### WHAT IS NEEDED
Nothing but the lines from the one containing "(intro card_nth_roots) auto" through the one containing "using assms obtain_subset_with_card_n[of", both included, should be given again, each exactly as written below.

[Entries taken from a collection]
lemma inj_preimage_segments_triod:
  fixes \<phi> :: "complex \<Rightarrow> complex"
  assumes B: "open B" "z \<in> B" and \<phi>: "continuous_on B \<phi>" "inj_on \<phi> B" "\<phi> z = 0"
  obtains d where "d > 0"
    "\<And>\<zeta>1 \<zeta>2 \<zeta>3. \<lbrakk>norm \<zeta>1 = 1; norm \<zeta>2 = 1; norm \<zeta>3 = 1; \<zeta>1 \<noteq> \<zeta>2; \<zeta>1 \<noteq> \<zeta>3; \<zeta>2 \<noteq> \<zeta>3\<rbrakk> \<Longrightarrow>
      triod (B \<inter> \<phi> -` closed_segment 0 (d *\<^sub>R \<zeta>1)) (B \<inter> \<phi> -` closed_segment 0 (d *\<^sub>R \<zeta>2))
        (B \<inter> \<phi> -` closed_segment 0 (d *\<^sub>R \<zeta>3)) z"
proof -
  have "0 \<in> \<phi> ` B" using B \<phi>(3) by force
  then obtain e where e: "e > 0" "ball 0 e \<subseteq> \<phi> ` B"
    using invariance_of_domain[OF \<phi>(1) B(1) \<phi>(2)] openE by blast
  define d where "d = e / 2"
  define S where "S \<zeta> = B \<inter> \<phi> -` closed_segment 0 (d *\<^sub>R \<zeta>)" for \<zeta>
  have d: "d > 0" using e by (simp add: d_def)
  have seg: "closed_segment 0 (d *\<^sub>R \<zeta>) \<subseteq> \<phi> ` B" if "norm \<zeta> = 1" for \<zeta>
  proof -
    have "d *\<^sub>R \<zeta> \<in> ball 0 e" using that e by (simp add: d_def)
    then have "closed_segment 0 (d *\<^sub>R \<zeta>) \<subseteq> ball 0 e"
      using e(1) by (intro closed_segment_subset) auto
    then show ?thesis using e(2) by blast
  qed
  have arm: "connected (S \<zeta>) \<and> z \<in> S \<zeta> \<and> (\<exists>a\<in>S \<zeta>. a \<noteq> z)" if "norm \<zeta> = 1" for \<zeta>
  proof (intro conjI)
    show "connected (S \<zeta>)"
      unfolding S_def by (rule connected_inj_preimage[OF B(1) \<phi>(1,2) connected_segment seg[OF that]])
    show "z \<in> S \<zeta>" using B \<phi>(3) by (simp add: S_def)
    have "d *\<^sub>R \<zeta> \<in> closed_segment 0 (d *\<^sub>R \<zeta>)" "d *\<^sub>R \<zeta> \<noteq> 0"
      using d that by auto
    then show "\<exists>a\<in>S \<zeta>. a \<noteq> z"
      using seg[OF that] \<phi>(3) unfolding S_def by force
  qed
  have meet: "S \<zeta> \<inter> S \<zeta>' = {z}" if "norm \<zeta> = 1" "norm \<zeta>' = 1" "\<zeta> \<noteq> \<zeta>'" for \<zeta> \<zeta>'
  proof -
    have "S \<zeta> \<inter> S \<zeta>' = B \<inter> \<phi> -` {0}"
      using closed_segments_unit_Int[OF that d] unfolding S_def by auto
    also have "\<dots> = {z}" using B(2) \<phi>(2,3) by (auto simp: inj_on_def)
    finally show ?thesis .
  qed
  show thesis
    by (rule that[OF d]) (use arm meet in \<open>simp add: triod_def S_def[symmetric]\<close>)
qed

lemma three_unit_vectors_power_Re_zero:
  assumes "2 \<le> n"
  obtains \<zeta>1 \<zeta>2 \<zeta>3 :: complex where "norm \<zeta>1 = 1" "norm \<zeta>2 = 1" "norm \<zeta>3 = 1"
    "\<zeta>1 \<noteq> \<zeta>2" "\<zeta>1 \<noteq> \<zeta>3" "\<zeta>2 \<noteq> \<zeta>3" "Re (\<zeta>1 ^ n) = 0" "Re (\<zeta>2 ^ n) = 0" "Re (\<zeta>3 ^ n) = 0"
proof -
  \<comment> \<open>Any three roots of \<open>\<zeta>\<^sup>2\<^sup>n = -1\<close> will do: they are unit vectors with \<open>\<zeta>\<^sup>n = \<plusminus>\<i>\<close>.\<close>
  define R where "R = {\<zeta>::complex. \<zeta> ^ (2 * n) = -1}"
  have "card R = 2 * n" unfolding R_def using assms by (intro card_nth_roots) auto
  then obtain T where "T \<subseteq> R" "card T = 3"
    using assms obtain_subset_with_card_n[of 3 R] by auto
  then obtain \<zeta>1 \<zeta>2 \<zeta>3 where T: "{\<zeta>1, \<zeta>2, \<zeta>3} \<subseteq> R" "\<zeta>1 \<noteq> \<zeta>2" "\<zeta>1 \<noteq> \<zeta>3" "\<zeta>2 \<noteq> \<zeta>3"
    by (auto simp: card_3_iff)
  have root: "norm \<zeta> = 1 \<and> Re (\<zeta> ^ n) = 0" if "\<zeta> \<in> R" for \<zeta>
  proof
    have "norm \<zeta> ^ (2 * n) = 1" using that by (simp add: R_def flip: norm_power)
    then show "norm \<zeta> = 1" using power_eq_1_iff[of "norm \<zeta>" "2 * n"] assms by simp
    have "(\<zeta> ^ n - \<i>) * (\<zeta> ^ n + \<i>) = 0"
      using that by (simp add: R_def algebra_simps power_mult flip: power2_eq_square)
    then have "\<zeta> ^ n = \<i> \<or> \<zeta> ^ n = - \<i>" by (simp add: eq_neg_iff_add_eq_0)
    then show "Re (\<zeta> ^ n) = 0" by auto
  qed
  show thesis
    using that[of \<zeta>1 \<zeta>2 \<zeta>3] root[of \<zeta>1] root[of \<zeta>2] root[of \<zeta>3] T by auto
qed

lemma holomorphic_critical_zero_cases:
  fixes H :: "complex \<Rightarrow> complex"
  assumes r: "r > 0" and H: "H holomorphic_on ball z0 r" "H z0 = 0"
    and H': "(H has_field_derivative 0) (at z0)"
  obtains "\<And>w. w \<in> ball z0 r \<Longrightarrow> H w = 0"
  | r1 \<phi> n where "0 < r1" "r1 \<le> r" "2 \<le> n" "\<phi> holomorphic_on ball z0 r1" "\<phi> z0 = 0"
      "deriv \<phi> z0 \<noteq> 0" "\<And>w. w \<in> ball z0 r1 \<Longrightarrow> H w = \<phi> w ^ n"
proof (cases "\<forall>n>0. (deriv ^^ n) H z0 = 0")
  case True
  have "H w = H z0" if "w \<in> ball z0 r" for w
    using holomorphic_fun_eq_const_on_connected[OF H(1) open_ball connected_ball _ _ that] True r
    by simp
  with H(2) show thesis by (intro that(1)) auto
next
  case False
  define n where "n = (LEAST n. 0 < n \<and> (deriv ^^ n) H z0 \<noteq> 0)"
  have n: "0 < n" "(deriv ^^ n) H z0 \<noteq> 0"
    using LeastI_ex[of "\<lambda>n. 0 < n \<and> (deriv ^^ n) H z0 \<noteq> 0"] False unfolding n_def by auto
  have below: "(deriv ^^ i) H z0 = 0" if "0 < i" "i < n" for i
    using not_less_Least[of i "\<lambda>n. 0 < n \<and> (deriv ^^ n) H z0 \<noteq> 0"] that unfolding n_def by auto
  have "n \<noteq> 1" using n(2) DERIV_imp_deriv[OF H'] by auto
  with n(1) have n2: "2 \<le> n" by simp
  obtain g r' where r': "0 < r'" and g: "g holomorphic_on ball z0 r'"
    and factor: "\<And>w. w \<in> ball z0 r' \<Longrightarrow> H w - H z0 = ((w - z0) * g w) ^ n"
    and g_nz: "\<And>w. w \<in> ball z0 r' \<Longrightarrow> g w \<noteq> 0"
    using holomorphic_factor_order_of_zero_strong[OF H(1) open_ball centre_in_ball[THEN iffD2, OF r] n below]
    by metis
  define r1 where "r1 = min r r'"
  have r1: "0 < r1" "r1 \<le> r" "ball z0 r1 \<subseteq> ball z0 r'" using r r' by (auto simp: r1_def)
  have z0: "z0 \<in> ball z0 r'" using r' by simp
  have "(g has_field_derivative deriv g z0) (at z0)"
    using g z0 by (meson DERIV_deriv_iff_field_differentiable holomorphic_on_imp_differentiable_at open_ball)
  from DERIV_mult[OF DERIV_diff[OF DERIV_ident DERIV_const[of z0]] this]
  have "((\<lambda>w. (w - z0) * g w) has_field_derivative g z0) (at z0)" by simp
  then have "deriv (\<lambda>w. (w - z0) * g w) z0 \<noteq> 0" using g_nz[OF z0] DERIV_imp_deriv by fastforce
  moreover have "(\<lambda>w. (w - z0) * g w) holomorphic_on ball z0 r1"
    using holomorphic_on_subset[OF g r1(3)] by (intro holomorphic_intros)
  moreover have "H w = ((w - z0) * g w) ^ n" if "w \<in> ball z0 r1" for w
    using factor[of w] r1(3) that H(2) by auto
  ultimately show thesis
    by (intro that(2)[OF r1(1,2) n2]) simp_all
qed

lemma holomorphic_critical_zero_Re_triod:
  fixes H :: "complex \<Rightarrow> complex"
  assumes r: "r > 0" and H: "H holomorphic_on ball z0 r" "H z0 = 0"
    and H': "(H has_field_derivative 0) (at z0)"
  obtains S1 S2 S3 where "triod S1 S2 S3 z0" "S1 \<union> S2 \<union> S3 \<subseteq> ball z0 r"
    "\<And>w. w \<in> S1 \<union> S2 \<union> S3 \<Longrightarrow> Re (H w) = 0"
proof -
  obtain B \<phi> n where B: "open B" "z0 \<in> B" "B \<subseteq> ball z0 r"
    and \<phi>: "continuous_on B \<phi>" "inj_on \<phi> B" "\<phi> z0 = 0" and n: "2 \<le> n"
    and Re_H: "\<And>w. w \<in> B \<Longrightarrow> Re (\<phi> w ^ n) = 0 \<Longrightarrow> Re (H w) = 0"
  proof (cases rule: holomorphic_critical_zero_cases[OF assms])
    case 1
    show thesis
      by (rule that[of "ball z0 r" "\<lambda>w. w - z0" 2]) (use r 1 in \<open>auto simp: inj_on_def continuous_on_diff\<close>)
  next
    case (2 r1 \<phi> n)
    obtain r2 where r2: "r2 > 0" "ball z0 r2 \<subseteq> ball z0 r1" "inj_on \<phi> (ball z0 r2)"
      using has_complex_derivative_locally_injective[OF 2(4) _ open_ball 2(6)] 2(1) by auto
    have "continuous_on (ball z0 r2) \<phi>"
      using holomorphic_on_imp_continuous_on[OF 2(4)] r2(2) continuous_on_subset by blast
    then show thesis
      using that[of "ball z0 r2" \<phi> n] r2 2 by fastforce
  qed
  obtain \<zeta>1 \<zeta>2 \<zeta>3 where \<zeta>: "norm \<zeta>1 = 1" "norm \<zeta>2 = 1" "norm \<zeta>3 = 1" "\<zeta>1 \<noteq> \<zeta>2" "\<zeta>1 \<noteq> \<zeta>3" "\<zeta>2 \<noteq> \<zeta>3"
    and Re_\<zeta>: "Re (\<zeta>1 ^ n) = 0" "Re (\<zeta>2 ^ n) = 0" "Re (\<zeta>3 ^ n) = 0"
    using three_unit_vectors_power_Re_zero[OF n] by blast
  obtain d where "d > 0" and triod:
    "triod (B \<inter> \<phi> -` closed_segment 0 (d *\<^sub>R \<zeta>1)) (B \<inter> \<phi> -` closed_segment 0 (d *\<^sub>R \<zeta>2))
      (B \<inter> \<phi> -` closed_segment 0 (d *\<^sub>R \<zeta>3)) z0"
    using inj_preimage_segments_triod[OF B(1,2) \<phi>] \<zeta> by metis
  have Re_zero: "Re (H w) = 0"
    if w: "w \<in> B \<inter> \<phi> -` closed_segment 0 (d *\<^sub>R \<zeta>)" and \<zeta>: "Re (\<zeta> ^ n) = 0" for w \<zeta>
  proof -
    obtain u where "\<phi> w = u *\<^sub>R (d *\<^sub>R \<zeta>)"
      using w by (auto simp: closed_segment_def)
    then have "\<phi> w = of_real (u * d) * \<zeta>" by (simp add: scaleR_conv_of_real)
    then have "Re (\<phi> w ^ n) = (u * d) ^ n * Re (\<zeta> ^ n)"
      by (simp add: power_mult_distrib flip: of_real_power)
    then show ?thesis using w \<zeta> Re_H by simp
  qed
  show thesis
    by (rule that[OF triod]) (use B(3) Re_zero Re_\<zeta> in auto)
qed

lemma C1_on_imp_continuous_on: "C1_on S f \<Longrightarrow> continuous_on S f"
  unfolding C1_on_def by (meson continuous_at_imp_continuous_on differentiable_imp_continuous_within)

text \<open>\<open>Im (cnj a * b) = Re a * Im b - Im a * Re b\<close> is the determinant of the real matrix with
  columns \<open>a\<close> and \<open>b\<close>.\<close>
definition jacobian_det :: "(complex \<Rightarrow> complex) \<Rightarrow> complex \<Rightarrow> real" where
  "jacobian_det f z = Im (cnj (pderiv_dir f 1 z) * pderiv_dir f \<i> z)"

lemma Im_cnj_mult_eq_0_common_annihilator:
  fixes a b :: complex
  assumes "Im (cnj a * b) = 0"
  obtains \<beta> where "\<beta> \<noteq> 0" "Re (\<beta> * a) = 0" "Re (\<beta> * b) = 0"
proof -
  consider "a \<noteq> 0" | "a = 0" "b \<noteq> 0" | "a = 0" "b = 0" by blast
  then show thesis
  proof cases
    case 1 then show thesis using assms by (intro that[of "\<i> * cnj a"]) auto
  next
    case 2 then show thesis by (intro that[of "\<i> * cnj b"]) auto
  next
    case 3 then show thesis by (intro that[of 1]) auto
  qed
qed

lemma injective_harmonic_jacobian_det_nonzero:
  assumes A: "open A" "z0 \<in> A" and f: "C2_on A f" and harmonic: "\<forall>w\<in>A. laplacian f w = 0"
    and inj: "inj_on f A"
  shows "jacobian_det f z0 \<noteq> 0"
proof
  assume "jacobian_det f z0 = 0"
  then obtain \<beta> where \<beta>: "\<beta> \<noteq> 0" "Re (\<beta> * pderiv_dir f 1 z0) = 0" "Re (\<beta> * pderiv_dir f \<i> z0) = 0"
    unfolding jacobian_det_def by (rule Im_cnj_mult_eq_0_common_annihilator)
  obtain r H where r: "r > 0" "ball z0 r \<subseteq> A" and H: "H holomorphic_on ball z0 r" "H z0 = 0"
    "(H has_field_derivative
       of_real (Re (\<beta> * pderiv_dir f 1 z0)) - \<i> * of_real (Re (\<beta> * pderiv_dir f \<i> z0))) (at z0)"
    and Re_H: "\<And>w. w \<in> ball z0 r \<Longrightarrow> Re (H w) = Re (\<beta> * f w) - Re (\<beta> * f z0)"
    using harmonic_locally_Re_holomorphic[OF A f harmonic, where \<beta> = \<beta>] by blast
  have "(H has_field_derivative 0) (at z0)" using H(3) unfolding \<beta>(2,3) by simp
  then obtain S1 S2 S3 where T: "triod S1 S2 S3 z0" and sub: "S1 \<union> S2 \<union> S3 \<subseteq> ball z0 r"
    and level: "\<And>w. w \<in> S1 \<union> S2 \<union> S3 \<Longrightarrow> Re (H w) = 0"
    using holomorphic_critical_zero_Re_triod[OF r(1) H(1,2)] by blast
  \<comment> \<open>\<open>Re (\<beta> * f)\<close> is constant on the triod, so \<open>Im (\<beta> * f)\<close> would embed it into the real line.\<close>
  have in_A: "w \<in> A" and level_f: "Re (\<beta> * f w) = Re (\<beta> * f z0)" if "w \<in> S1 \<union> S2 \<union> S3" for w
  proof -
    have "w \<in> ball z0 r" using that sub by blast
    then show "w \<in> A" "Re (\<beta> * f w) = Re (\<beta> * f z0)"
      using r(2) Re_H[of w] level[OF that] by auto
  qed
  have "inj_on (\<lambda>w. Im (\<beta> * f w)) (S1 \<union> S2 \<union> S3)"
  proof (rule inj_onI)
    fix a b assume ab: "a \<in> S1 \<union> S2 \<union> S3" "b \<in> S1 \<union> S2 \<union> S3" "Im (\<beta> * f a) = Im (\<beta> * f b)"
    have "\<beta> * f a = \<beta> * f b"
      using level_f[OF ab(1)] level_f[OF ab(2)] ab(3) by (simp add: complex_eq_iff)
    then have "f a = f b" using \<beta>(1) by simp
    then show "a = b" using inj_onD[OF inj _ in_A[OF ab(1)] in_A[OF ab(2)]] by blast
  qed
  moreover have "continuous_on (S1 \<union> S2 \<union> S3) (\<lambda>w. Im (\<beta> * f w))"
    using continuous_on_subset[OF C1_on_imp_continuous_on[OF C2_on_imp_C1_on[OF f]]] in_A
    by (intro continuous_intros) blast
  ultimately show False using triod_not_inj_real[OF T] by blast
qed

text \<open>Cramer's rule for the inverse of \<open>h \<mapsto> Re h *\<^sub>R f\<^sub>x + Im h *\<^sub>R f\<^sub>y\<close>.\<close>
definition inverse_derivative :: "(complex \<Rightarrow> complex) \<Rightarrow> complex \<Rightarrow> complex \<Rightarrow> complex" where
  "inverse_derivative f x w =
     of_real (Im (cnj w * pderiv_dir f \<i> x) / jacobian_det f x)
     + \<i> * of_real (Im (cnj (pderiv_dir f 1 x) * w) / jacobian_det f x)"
---
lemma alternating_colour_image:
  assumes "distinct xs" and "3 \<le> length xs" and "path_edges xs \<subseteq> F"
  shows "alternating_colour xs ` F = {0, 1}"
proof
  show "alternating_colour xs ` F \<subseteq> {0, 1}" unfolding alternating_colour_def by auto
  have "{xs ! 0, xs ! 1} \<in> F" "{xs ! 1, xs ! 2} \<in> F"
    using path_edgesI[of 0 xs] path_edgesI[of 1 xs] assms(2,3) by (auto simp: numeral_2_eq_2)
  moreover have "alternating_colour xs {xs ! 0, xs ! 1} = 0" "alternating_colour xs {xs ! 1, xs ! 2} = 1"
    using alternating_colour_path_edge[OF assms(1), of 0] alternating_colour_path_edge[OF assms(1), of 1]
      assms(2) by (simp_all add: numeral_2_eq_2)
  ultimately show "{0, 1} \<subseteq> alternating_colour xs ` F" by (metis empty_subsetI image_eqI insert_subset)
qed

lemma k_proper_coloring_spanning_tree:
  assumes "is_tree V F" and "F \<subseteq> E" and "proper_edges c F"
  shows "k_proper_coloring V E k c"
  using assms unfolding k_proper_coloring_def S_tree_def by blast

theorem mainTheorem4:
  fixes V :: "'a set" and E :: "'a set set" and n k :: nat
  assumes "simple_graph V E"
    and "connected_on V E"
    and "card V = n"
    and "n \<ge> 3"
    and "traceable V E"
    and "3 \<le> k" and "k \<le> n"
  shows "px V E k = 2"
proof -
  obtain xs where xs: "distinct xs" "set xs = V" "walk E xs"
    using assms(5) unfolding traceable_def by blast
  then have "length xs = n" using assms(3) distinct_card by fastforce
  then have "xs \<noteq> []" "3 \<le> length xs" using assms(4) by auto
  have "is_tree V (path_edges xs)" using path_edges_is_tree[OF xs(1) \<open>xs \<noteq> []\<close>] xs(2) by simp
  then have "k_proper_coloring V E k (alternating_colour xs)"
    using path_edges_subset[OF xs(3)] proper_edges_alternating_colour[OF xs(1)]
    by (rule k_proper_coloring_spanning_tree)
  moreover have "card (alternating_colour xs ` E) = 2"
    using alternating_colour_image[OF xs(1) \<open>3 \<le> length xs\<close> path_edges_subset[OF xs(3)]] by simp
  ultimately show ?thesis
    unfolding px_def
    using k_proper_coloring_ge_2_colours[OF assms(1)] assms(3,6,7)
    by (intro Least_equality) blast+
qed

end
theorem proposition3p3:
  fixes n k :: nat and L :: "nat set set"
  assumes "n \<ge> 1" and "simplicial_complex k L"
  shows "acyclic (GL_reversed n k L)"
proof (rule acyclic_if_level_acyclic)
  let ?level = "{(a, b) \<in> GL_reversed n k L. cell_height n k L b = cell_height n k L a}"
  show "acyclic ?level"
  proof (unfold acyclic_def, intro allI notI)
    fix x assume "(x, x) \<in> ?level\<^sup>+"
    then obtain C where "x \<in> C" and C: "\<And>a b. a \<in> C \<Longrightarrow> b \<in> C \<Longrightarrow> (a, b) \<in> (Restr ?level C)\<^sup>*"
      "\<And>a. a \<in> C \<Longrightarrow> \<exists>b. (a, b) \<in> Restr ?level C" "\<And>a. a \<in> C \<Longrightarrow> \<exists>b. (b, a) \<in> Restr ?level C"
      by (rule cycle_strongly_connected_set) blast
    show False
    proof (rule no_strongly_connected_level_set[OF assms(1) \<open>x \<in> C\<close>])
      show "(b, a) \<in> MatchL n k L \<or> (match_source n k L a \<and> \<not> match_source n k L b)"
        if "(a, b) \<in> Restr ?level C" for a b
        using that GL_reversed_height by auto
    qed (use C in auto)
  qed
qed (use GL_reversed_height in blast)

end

### REPLY TO THE TASK
  have "card R = 2 * n" unfolding R_def using assms by (intro card_nth_roots) auto
  then obtain T where "T \<subseteq> R" "card T = 3"
    using assms obtain_subset_with_card_n[of 3 R] by auto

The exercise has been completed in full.